→ Your assignment:
Below is a block of entries; repeat exactly the lines starting at the line that contains "by (simp only: mult.assoc)" and ending at the line that contains "define L where", both included.

→ Data for analysis:
lemma gauss_laplace_has_real_derivative:
  assumes "\<nu> < 1"
  shows "(gauss_laplace \<nu> k has_real_derivative - gauss_laplace \<nu> (Suc k) z) (at z)"
  using gauss_laplace_quadratic_remainder[OF assms]
  by (rule has_real_derivative_of_quadratic_remainder)

section \<open>Integral representation of \<open>D\<^sub>\<nu>\<close>\<close>

text \<open>\<open>pcD_coeff \<nu> n\<close> is the integral of \<open>t powr (-\<nu>) * lin_exp_coeff n t * exp (-t\<^sup>2/2)\<close>, i.e.\ the
  \<open>n\<close>-th Taylor coefficient of \<open>z * gauss_laplace \<nu> 0 z + gauss_laplace \<nu> 1 z\<close>.\<close>
definition pcD_coeff :: "real \<Rightarrow> nat \<Rightarrow> real" where
  "pcD_coeff \<nu> n = (-1)^n * (gauss_moment (real n + 1 - \<nu>) - real n * gauss_moment (real n - 1 - \<nu>)) / fact n"

lemma Gamma_legendre_duplication_real:
  assumes "x > (0::real)"
  shows "Gamma x * Gamma (x + 1/2) = 2 powr (1 - 2 * x) * sqrt pi * Gamma (2 * x)"
proof -
  have of_real_eqs: "complex_of_real x + 1/2 = complex_of_real (x + 1/2)"
    "2 * complex_of_real x = complex_of_real (2 * x)"
    "(1 - complex_of_real (2 * x)) * of_real (ln 2) = complex_of_real ((1 - 2 * x) * ln 2)"
    by simp_all
  have "complex_of_real x \<notin> \<int>\<^sub>\<le>\<^sub>0" "complex_of_real x + 1/2 \<notin> \<int>\<^sub>\<le>\<^sub>0"
    unfolding of_real_eqs of_real_in_nonpos_Ints_iff using assms by (auto intro: pos_notin_nonpos_Ints)
  then have "Gamma (complex_of_real x) * Gamma (complex_of_real x + 1/2) =
      exp ((1 - 2 * complex_of_real x) * of_real (ln 2)) * of_real (sqrt pi) * Gamma (2 * complex_of_real x)"
    by (rule Gamma_legendre_duplication)
  then have "complex_of_real (Gamma x * Gamma (x + 1/2)) = complex_of_real (exp ((1 - 2 * x) * ln 2) * sqrt pi * Gamma (2 * x))"
    unfolding of_real_eqs by (simp only: Gamma_complex_of_real exp_of_real of_real_mult[symmetric])
  then show ?thesis
    by (simp only: of_real_eq_iff) (simp add: powr_def)
qed

lemma rGamma_legendre_duplication:
  assumes "\<nu> < 1"
  shows "rGamma (1 - \<nu>) * Gamma (1 - \<nu>/2) = 2 powr \<nu> * sqrt pi * rGamma ((1 - \<nu>)/2)"
    and "rGamma (1 - \<nu>) * Gamma ((1 - \<nu>)/2) = 2 powr \<nu> * sqrt pi * rGamma (1 - \<nu>/2)"
proof -
  have d: "Gamma ((1 - \<nu>)/2) * Gamma ((1 - \<nu>)/2 + 1/2) = 2 powr (1 - 2*((1 - \<nu>)/2)) * sqrt pi * Gamma (2*((1 - \<nu>)/2))"
    by (rule Gamma_legendre_duplication_real) (use assms in simp)
  have e1: "(1 - \<nu>)/2 + 1/2 = 1 - \<nu>/2" by (simp add: field_simps)
  have e3: "2*((1 - \<nu>)/2) = 1 - \<nu>" by simp
  have D: "Gamma ((1 - \<nu>)/2) * Gamma (1 - \<nu>/2) = 2 powr \<nu> * sqrt pi * Gamma (1 - \<nu>)"
    using d unfolding e1 e3 by simp
  have p1: "Gamma (1 - \<nu>) > 0" "Gamma ((1 - \<nu>)/2) > 0" "Gamma (1 - \<nu>/2) > 0" using assms by auto
  show "rGamma (1 - \<nu>) * Gamma (1 - \<nu>/2) = 2 powr \<nu> * sqrt pi * rGamma ((1 - \<nu>)/2)"
    using D p1 by (simp add: rGamma_inverse_Gamma field_simps)
  show "rGamma (1 - \<nu>) * Gamma ((1 - \<nu>)/2) = 2 powr \<nu> * sqrt pi * rGamma (1 - \<nu>/2)"
    using D p1 by (simp add: rGamma_inverse_Gamma field_simps)
qed

lemma pcD_coeff_Suc:
  assumes "\<nu> < 1"
  shows "pcD_coeff \<nu> (Suc m) * fact (Suc m) = (-1)^m * \<nu> * gauss_moment (real m - \<nu>)"
proof -
  have a: "real (Suc m) + 1 - \<nu> = real m - \<nu> + 2" "real (Suc m) - 1 - \<nu> = real m - \<nu>"
    by simp_all
  have rec: "gauss_moment (real m - \<nu> + 2) = (real m - \<nu> + 1) * gauss_moment (real m - \<nu>)"
    using assms by (intro gauss_moment_plus_two) simp
  show ?thesis
    unfolding pcD_coeff_def a rec by (simp add: field_simps del: fact_Suc)
qed

lemma pcD_coeff_even:
  assumes "\<nu> < 1"
  shows "pcD_coeff \<nu> (2 * k) * fact (2 * k) = 2 powr (real k - \<nu>/2) * Gamma (1 - \<nu>/2) * pochhammer (-\<nu>/2) k"
proof (cases k)
  case 0
  have e: "2 * real 0 + 2 * (1 - \<nu>/2) - 1 = real 0 + 1 - \<nu>" "1 - \<nu>/2 - 1 = real 0 - \<nu>/2"
    by simp_all
  show ?thesis
    using 0 gauss_moment_pochhammer[of "1 - \<nu>/2" 0] assms unfolding e pcD_coeff_def by simp
next
  case (Suc j)
  have e: "2 * real j + 2 * (1 - \<nu>/2) - 1 = real (2 * j + 1) - \<nu>" "1 - \<nu>/2 - 1 = -\<nu>/2"
    by simp_all
  have "gauss_moment (real (2 * j + 1) - \<nu>) = 2^j * 2 powr (-\<nu>/2) * Gamma (1 - \<nu>/2) * pochhammer (1 - \<nu>/2) j"
    using gauss_moment_pochhammer[of "1 - \<nu>/2" j] assms unfolding e by simp
  moreover have "pochhammer (-\<nu>/2) k = -\<nu>/2 * pochhammer (1 - \<nu>/2) j"
    using Suc by (simp add: pochhammer_rec add_ac)
  moreover have "2 powr (real k - \<nu>/2) = 2^Suc j * 2 powr (-\<nu>/2)"
    using Suc two_powr_of_nat_add[of "Suc j" "-\<nu>/2"] by simp
  moreover have "2 * k = Suc (2 * j + 1)" using Suc by simp
  ultimately show ?thesis
    using pcD_coeff_Suc[OF assms, of "2 * j + 1"] by simp
qed

lemma pcD_coeff_odd:
  assumes "\<nu> < 1"
  shows "pcD_coeff \<nu> (2 * k + 1) * fact (2 * k + 1)
    = \<nu> * (2^k * 2 powr (-(1 + \<nu>)/2)) * Gamma ((1 - \<nu>)/2) * pochhammer ((1 - \<nu>)/2) k"
proof -
  have e: "2 * real k + 2 * ((1 - \<nu>)/2) - 1 = real (2 * k) - \<nu>" "(1 - \<nu>)/2 - 1 = -(1 + \<nu>)/2"
    by (simp_all add: field_simps)
  have "gauss_moment (real (2 * k) - \<nu>) = 2^k * 2 powr (-(1 + \<nu>)/2) * Gamma ((1 - \<nu>)/2) * pochhammer ((1 - \<nu>)/2) k"
    using gauss_moment_pochhammer[of "(1 - \<nu>)/2" k] assms unfolding e by simp
  then show ?thesis
    using pcD_coeff_Suc[OF assms, of "2 * k"] by simp
qed

lemma pochhammer_three_halves: "pochhammer (3/2::real) k = (2 * real k + 1) * pochhammer (1/2) k"
proof -
  have "pochhammer (1/2::real) (Suc k) = 1/2 * pochhammer (3/2) k"
    by (simp add: pochhammer_rec)
  moreover have "pochhammer (1/2::real) (Suc k) = (1/2 + real k) * pochhammer (1/2) k"
    by (simp add: pochhammer_rec')
  ultimately show ?thesis by (simp add: field_simps)
qed

lemma pochhammer_half_pos: "pochhammer (1/2::real) k > 0"
  by (rule pochhammer_pos) simp

lemma pcD_coeff_even_term:
  assumes "\<nu> < 1"
  shows "rGamma (1 - \<nu>) * pcD_coeff \<nu> (2*k) * z^(2*k) =
    (2 powr (\<nu>/2) * sqrt pi * rGamma ((1 - \<nu>)/2)) * (pochhammer (-\<nu>/2) k / pochhammer (1/2) k * (z^2/2)^k / fact k)"
proof -
  have f: "fact (2*k) = (2^(2*k) * pochhammer (1/2) k * fact k :: real)" by (rule fact_double)
  have fp: "fact (2*k) > (0::real)" by simp
  have a: "pcD_coeff \<nu> (2*k) = 2 powr (real k - \<nu>/2) * Gamma (1 - \<nu>/2) * pochhammer (-\<nu>/2) k / fact (2*k)"
    using pcD_coeff_even[OF assms, of k] fp by (simp add: field_simps)
  have d: "rGamma (1 - \<nu>) * Gamma (1 - \<nu>/2) = 2 powr \<nu> * sqrt pi * rGamma ((1 - \<nu>)/2)"
    by (rule rGamma_legendre_duplication(1)[OF assms])
  have w1: "2 powr (real k - \<nu>/2) = 2^k * 2 powr (-\<nu>/2)"
    using two_powr_of_nat_add[of k "-\<nu>/2"] by simp
  have w2: "2 powr \<nu> = 2 powr (\<nu>/2) * 2 powr (\<nu>/2)"
    by (simp flip: powr_add)
  have w3: "2 powr (\<nu>/2) * 2 powr (-\<nu>/2) = 1"
    by (simp flip: powr_add)
  have z: "z^(2*k) = (z^2)^k" by (simp add: power_mult)
  have p4: "(2::real)^(2*k) = 2^k * 2^k" by (metis mult_2 power_add)
  have "rGamma (1 - \<nu>) * pcD_coeff \<nu> (2*k) * z^(2*k) =
     (rGamma (1 - \<nu>) * Gamma (1 - \<nu>/2)) * 2 powr (real k - \<nu>/2) * pochhammer (-\<nu>/2) k * z^(2*k) / fact (2*k)"
    unfolding a by (simp add: algebra_simps)
  also have "\<dots> = (2 powr (\<nu>/2) * 2 powr (-\<nu>/2)) * 2 powr (\<nu>/2) * sqrt pi * rGamma ((1 - \<nu>)/2) * 2^k * pochhammer (-\<nu>/2) k * (z^2)^k / (2^k * 2^k * pochhammer (1/2) k * fact k)"
    unfolding d w1 w2 z f p4 by (simp add: algebra_simps)
  also have "\<dots> = (2 powr (\<nu>/2) * sqrt pi * rGamma ((1 - \<nu>)/2)) * (pochhammer (-\<nu>/2) k / pochhammer (1/2) k * (z^2/2)^k / fact k)"
    unfolding w3 using pochhammer_half_pos[of k] by (simp add: field_simps power_divide)
  finally show ?thesis .
qed

lemma fact_odd_pochhammer: "fact (2 * k + 1) = 4^k * pochhammer (3/2) k * (fact k :: real)"
  using fact_double[of k, where 'a = real] by (simp add: pochhammer_three_halves power_mult)

lemma pcD_coeff_odd_term:
  assumes \<nu>: "\<nu> < 1"
  shows "rGamma (1 - \<nu>) * pcD_coeff \<nu> (2*k+1) * z^(2*k+1) =
    - (2 powr (\<nu>/2) * sqrt (2*pi) * z * rGamma (-\<nu>/2)) * (pochhammer ((1 - \<nu>)/2) k / pochhammer (3/2) k * (z^2/2)^k / fact k)"
proof -
  have r: "\<nu> * rGamma (1 - \<nu>/2) = - 2 * rGamma (-\<nu>/2)"
    using rGamma_plus1[of "-\<nu>/2"] by (simp add: field_simps)
  have "2 powr \<nu> * 2 powr (-(1 + \<nu>)/2) * 2 = 2 powr (\<nu> + -(1 + \<nu>)/2 + 1)"
    by (simp add: powr_add)
  also have "\<dots> = 2 powr (\<nu>/2 + 1/2)"
    by (rule arg_cong[where f = "\<lambda>e. 2 powr e"]) (simp add: field_simps)
  finally have p: "2 powr \<nu> * 2 powr (-(1 + \<nu>)/2) * 2 = 2 powr (\<nu>/2) * sqrt 2"
    by (simp add: powr_add powr_half_sqrt)
  have "rGamma (1 - \<nu>) * pcD_coeff \<nu> (2*k+1) * fact (2*k+1) * z^(2*k+1)
      = rGamma (1 - \<nu>) * (pcD_coeff \<nu> (2*k+1) * fact (2*k+1)) * z^(2*k+1)"
    by (simp only: mult.assoc)
  also have "\<dots> = (rGamma (1 - \<nu>) * Gamma ((1 - \<nu>)/2)) * \<nu> * 2^k * 2 powr (-(1 + \<nu>)/2) * pochhammer ((1 - \<nu>)/2) k * z^(2*k+1)"
    unfolding pcD_coeff_odd[OF \<nu>] by (simp only: mult_ac)
  also have "\<dots> = - (2 powr \<nu> * 2 powr (-(1 + \<nu>)/2) * 2) * sqrt pi * rGamma (-\<nu>/2) * 2^k * pochhammer ((1 - \<nu>)/2) k * z^(2*k+1)"
  proof -
    have "(rGamma (1 - \<nu>) * Gamma ((1 - \<nu>)/2)) * \<nu> * 2^k * 2 powr (-(1 + \<nu>)/2) * pochhammer ((1 - \<nu>)/2) k * z^(2*k+1)
        = 2 powr \<nu> * sqrt pi * (\<nu> * rGamma (1 - \<nu>/2)) * 2^k * 2 powr (-(1 + \<nu>)/2) * pochhammer ((1 - \<nu>)/2) k * z^(2*k+1)"
      unfolding rGamma_legendre_duplication(2)[OF \<nu>] by (simp only: mult_ac)
    then show ?thesis
      unfolding r by (simp add: algebra_simps)
  qed
  finally have E: "rGamma (1 - \<nu>) * pcD_coeff \<nu> (2*k+1) * fact (2*k+1) * z^(2*k+1)
      = - (2 powr (\<nu>/2) * sqrt 2) * sqrt pi * rGamma (-\<nu>/2) * 2^k * pochhammer ((1 - \<nu>)/2) k * z^(2*k+1)"
    unfolding p .
  have e: "(4::real)^k = 2^k * 2^k" "z^(2*k+1) = z * (z^2)^k" "sqrt (2 * pi) = sqrt 2 * sqrt pi"
    by (simp_all add: power_mult real_sqrt_mult flip: power_mult_distrib)
  have "rGamma (1 - \<nu>) * pcD_coeff \<nu> (2*k+1) * z^(2*k+1)
      = - (2 powr (\<nu>/2) * sqrt 2) * sqrt pi * rGamma (-\<nu>/2) * 2^k * pochhammer ((1 - \<nu>)/2) k * z^(2*k+1) / fact (2*k+1)"
    using E by (simp add: field_simps del: fact_Suc)
  then show ?thesis
    using pochhammer_pos[of "3/2::real" k] unfolding fact_odd_pochhammer e
    by (simp add: field_simps power_divide)
qed

lemma kummer_series_summable:
  fixes a b w :: real
  assumes b: "b > 0"
  shows "summable (\<lambda>n. pochhammer a n / pochhammer b n * w^n / fact n)"
proof -
  define f where "f n = pochhammer a n / pochhammer b n * w^n / fact n" for n
  define L where "L = (\<bar>a\<bar>/b + 1) * \<bar>w\<bar>"
  have step: "norm (f (Suc n)) \<le> 1/2 * norm (f n)" if n: "n \<ge> nat \<lceil>2*L\<rceil>" for n
  proof -
    have pb: "pochhammer b n > 0" using b by (intro pochhammer_pos)
    have bn: "b + real n > 0" using b by simp
    have "f (Suc n) = f n * ((a + real n) / (b + real n) * w / (real n + 1))"
      using pb bn unfolding f_def by (simp add: pochhammer_rec' fact_Suc field_simps)
    then have "norm (f (Suc n)) = norm (f n) * (\<bar>a + real n\<bar> / (b + real n) * \<bar>w\<bar> / (real n + 1))"
      using bn by (simp add: abs_mult abs_divide)
    also have "\<bar>a + real n\<bar> / (b + real n) * \<bar>w\<bar> / (real n + 1) \<le> 1/2"
    proof -
      have "\<bar>a + real n\<bar> \<le> (\<bar>a\<bar>/b + 1) * (b + real n)"
      proof -
        have "\<bar>a\<bar> \<le> \<bar>a\<bar>/b * (b + real n)"
          using b by (simp add: field_simps mult_left_mono)
        moreover have "(\<bar>a\<bar>/b + 1) * (b + real n) = \<bar>a\<bar>/b * (b + real n) + (b + real n)"
          by (simp add: distrib_right)
        moreover have "\<bar>a + real n\<bar> \<le> \<bar>a\<bar> + real n" by simp
        ultimately show ?thesis using b by linarith
      qed
      then have "\<bar>a + real n\<bar> / (b + real n) \<le> (\<bar>a\<bar>/b + 1)"
        using bn by (simp add: divide_le_eq)
      then have "\<bar>a + real n\<bar> / (b + real n) * \<bar>w\<bar> \<le> L"
        unfolding L_def by (intro mult_right_mono) auto
      moreover have "2 * L \<le> real n + 1"
        using n by linarith
      ultimately have "\<bar>a + real n\<bar> / (b + real n) * \<bar>w\<bar> / (real n + 1) \<le> L / (real n + 1)"
        by (intro divide_right_mono) auto
      also have "L / (real n + 1) \<le> 1/2"
        using \<open>2 * L \<le> real n + 1\<close> by (simp add: divide_le_eq)
      finally show ?thesis .
    qed
    then have "norm (f n) * (\<bar>a + real n\<bar> / (b + real n) * \<bar>w\<bar> / (real n + 1)) \<le> norm (f n) * (1/2)"
      by (intro mult_left_mono) auto
    finally show ?thesis by simp
  qed
  have "summable f"
    by (rule summable_ratio_test[of "1/2" "nat \<lceil>2*L\<rceil>"]) (use step in auto)
  then show ?thesis unfolding f_def .
qed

→ Reply:
    by (simp only: mult.assoc)
  also have "\<dots> = (rGamma (1 - \<nu>) * Gamma ((1 - \<nu>)/2)) * \<nu> * 2^k * 2 powr (-(1 + \<nu>)/2) * pochhammer ((1 - \<nu>)/2) k * z^(2*k+1)"
    unfolding pcD_coeff_odd[OF \<nu>] by (simp only: mult_ac)
  also have "\<dots> = - (2 powr \<nu> * 2 powr (-(1 + \<nu>)/2) * 2) * sqrt pi * rGamma (-\<nu>/2) * 2^k * pochhammer ((1 - \<nu>)/2) k * z^(2*k+1)"
  proof -
    have "(rGamma (1 - \<nu>) * Gamma ((1 - \<nu>)/2)) * \<nu> * 2^k * 2 powr (-(1 + \<nu>)/2) * pochhammer ((1 - \<nu>)/2) k * z^(2*k+1)
        = 2 powr \<nu> * sqrt pi * (\<nu> * rGamma (1 - \<nu>/2)) * 2^k * 2 powr (-(1 + \<nu>)/2) * pochhammer ((1 - \<nu>)/2) k * z^(2*k+1)"
      unfolding rGamma_legendre_duplication(2)[OF \<nu>] by (simp only: mult_ac)
    then show ?thesis
      unfolding r by (simp add: algebra_simps)
  qed
  finally have E: "rGamma (1 - \<nu>) * pcD_coeff \<nu> (2*k+1) * fact (2*k+1) * z^(2*k+1)
      = - (2 powr (\<nu>/2) * sqrt 2) * sqrt pi * rGamma (-\<nu>/2) * 2^k * pochhammer ((1 - \<nu>)/2) k * z^(2*k+1)"
    unfolding p .
  have e: "(4::real)^k = 2^k * 2^k" "z^(2*k+1) = z * (z^2)^k" "sqrt (2 * pi) = sqrt 2 * sqrt pi"
    by (simp_all add: power_mult real_sqrt_mult flip: power_mult_distrib)
  have "rGamma (1 - \<nu>) * pcD_coeff \<nu> (2*k+1) * z^(2*k+1)
      = - (2 powr (\<nu>/2) * sqrt 2) * sqrt pi * rGamma (-\<nu>/2) * 2^k * pochhammer ((1 - \<nu>)/2) k * z^(2*k+1) / fact (2*k+1)"
    using E by (simp add: field_simps del: fact_Suc)
  then show ?thesis
    using pochhammer_pos[of "3/2::real" k] unfolding fact_odd_pochhammer e
    by (simp add: field_simps power_divide)
qed

lemma kummer_series_summable:
  fixes a b w :: real
  assumes b: "b > 0"
  shows "summable (\<lambda>n. pochhammer a n / pochhammer b n * w^n / fact n)"
proof -
  define f where "f n = pochhammer a n / pochhammer b n * w^n / fact n" for n
  define L where "L = (\<bar>a\<bar>/b + 1) * \<bar>w\<bar>"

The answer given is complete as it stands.